So there I was, chilling in my newly stained garden bench, sipping that good ole’ morning Oklahoma air, petting my dog, listening to the birds chirp and the water gush from my outdoor fountain.

And a dog starts barking.

You see, when one dog barks, that urge to call back overcomes any dog within 100 miles. It’s impossible to resist that urge, like Toothless defying the alpha in the second How to Train Your Dragon Movie.

Yeah, it was alpha-induced barking time.

Yip, yip. Yip-yip-yip.

Shut it,” I say.

But no, the runt keeps barking.

“Shut it!”

Yip, yip.
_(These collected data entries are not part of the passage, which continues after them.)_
lemma insert_link_edge_in_triangles:
  assumes "simple_graph V E" "v \<in> V" "e \<in> link_edges E f C v"
  shows "insert v e \<in> triangles V E"
proof -
  have e: "e \<in> E" "v \<notin> e" "e \<subseteq> closed_nbhd E v"
    using assms(3) unfolding link_edges_def by auto
  obtain x y where "e = {x, y}" "x \<noteq> y" "x \<in> V" "y \<in> V"
    using simple_graph_edgeE[OF assms(1) e(1)] .
  with e assms(2) show ?thesis
    unfolding triangles_def closed_nbhd_def by (auto simp: insert_commute)
qed

lemma triangle_remove_in_link_edges:
  assumes "t \<in> triangles V E" "v \<in> t" "C (f (t - {v}))"
  shows "t - {v} \<in> link_edges E f C v"
proof -
  have t: "card t = 3" "\<forall>u\<in>t. \<forall>w\<in>t. u \<noteq> w \<longrightarrow> {u, w} \<in> E"
    using assms(1) unfolding triangles_def by auto
  then obtain b c where bc: "t = {v, b, c}" "b \<noteq> v" "c \<noteq> v" "b \<noteq> c"
    using assms(2) by (auto simp: card_3_iff)
  then have "t - {v} = {b, c}"
    by auto
  moreover have "{b, c} \<in> E" "{b, v} \<in> E" "{c, v} \<in> E"
    using t(2) bc by auto
  ultimately show ?thesis
    using assms(3) bc unfolding link_edges_def closed_nbhd_def by auto
qed

text \<open>Both sides count the pairs of a triangle and a vertex of it whose opposite edge has a
  colour in \<open>C\<close>.\<close>

lemma sum_card_link_edges:
  assumes "simple_graph V E"
  shows "(\<Sum>v\<in>V. card (link_edges E f C v)) = (\<Sum>t\<in>triangles V E. triangle_colour_count f C t)"
proof -
  let ?L = "SIGMA v:V. link_edges E f C v"
  let ?T = "SIGMA t:triangles V E. {v\<in>t. C (f (t - {v}))}"
  have fin: "finite V" "finite E" "finite (triangles V E)"
    using assms simple_graph_finite_edges finite_triangles by (auto simp: simple_graph_def)
  have "bij_betw (\<lambda>(v, e). (insert v e, v)) ?L ?T"
  proof (rule bij_betw_byWitness[where f' = "\<lambda>(t, v). (v, t - {v})"])
    show "\<forall>p\<in>?L. (\<lambda>(t, v). (v, t - {v})) ((\<lambda>(v, e). (insert v e, v)) p) = p"
      by (auto simp: link_edges_def)
    show "\<forall>p\<in>?T. (\<lambda>(v, e). (insert v e, v)) ((\<lambda>(t, v). (v, t - {v})) p) = p"
      by auto
    show "(\<lambda>(v, e). (insert v e, v)) ` ?L \<subseteq> ?T"
      using insert_link_edge_in_triangles[OF assms] by (auto simp: link_edges_def)
    show "(\<lambda>(t, v). (v, t - {v})) ` ?T \<subseteq> ?L"
      using triangle_remove_in_link_edges by (auto simp: triangles_def)
  qed
  then have "card ?L = card ?T"
    by (rule bij_betw_same_card)
  moreover have "\<forall>t\<in>triangles V E. finite t"
    using fin(1) by (auto simp: triangles_def intro: finite_subset)
  ultimately show ?thesis
    using fin by (simp add: link_edges_def triangle_colour_count_def)
qed

lemma triangle_colour_count_add_compl:
  assumes "t \<in> triangles V E"
  shows "triangle_colour_count f C t + triangle_colour_count f (\<lambda>c. \<not> C c) t = 3"
proof -
  have "card t = 3"
    using assms unfolding triangles_def by simp
  then have "finite t"
    using card.infinite by fastforce
  have "card {v\<in>t. C (f (t - {v}))} + card {v\<in>t. \<not> C (f (t - {v}))} = card t"
    by (subst card_Un_disjoint[symmetric]) (use \<open>finite t\<close> in \<open>auto intro: arg_cong[where f = card]\<close>)
  with \<open>card t = 3\<close> show ?thesis
    unfolding triangle_colour_count_def by simp
qed

lemma card_colour_nbrs_le:
  assumes "simple_graph V E"
  shows "card {u. {u, b} \<in> E \<and> C (f {u, b})} \<le> card {e\<in>E. b \<in> e \<and> C (f e)}"
proof (rule card_inj_on_le)
  show "inj_on (\<lambda>u. {u, b}) {u. {u, b} \<in> E \<and> C (f {u, b})}"
    by (rule inj_onI) (metis doubleton_eq_iff)
  show "(\<lambda>u. {u, b}) ` {u. {u, b} \<in> E \<and> C (f {u, b})} \<subseteq> {e\<in>E. b \<in> e \<and> C (f e)}"
    by auto
  show "finite {e\<in>E. b \<in> e \<and> C (f e)}"
    using simple_graph_finite_edges[OF assms] by simp
qed

text \<open>A triangle with two edges coloured in \<open>C\<close> is determined by their common vertex \<open>b\<close> and
  their other endpoints, two \<open>C\<close>-neighbours of \<open>b\<close>.\<close>

lemma card_triangles_two_coloured_le:
  assumes graph: "simple_graph V E"
    and deg: "\<forall>v\<in>V. card {e\<in>E. v \<in> e \<and> C (f e)} \<le> s"
  shows "card {t\<in>triangles V E. 2 \<le> triangle_colour_count f C t} \<le> card V * s\<^sup>2"
proof -
  define N where "N b = {u. {u, b} \<in> E \<and> C (f {u, b})}" for b
  let ?W = "SIGMA b:V. N b \<times> N b"
  have "finite V"
    using graph unfolding simple_graph_def by simp
  have N_sub: "N b \<subseteq> V" for b
    using graph unfolding N_def simple_graph_def by auto
  have N_fin: "finite (N b)" for b
    using N_sub \<open>finite V\<close> by (rule finite_subset)
  have covered: "{t\<in>triangles V E. 2 \<le> triangle_colour_count f C t} \<subseteq> (\<lambda>(b, u, w). {u, w, b}) ` ?W"
  proof
    fix t
    assume t: "t \<in> {t\<in>triangles V E. 2 \<le> triangle_colour_count f C t}"
    then have t3: "card t = 3" "t \<subseteq> V" and edges: "\<forall>u\<in>t. \<forall>w\<in>t. u \<noteq> w \<longrightarrow> {u, w} \<in> E"
      unfolding triangles_def by auto
    obtain u w where uw: "u \<in> t" "w \<in> t" "u \<noteq> w" and C: "C (f (t - {u}))" "C (f (t - {w}))"
      using t unfolding triangle_colour_count_def by (auto simp: numeral_2_eq_2 card_le_Suc_iff)
    with t3 obtain b where b: "t = {u, w, b}" "b \<in> V" "b \<noteq> u" "b \<noteq> w"
      by (auto simp: card_3_iff)
    then have "t - {w} = {u, b}" "t - {u} = {w, b}"
      using uw by auto
    with edges C b uw have "u \<in> N b" "w \<in> N b"
      unfolding N_def by (auto simp: insert_commute)
    with b show "t \<in> (\<lambda>(b, u, w). {u, w, b}) ` ?W"
      by (auto intro!: image_eqI[where x = "(b, u, w)"])
  qed
  have "finite ?W"
    using \<open>finite V\<close> N_fin by simp
  have "card {t\<in>triangles V E. 2 \<le> triangle_colour_count f C t} \<le> card ((\<lambda>(b, u, w). {u, w, b}) ` ?W)"
    using covered \<open>finite ?W\<close> by (intro card_mono) auto
  also have "\<dots> \<le> card ?W"
    using \<open>finite ?W\<close> by (rule card_image_le)
  also have "\<dots> = (\<Sum>b\<in>V. card (N b) * card (N b))"
    using \<open>finite V\<close> N_fin by (simp add: card_cartesian_product)
  also have "\<dots> \<le> (\<Sum>b\<in>V. s * s)"
  proof (intro sum_mono mult_le_mono)
    fix b
    assume "b \<in> V"
    then show "card (N b) \<le> s"
      using card_colour_nbrs_le[OF graph, of b C f] deg unfolding N_def by fastforce
    then show "card (N b) \<le> s" .
  qed
  finally show ?thesis
    by (simp add: power2_eq_square)
qed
Y-y-y-y-y-y-yipppp.

“SHUT IT!”

He bolts toward the fence.

Here’s the problem–my house backs into the busiest street in Norman [Amber: There’s maybe one car a minute. It’s not that busy. Dustin: Hello, it has two lanes!]

The busiest street in Norman, OK

The busiest street in Norman, OK

(And by the way, I just happened to take a picture during the one millisecond there were no cars driving by.) [Amber: Riiiiiiiight. Then why not wait for a millisecond for another car to drive by? Dustin: I won’t even dignify that with a response.]

Good thing there’s a fence, right? A fence will keep a chihuahua out of that death trap.

Oh no.

See, there’s a gap in the fence–one just big enough for a bug, an atom, or microscopic fairy to fit in. [Amber: And, apparently, a dog. Dustin: Obviously.]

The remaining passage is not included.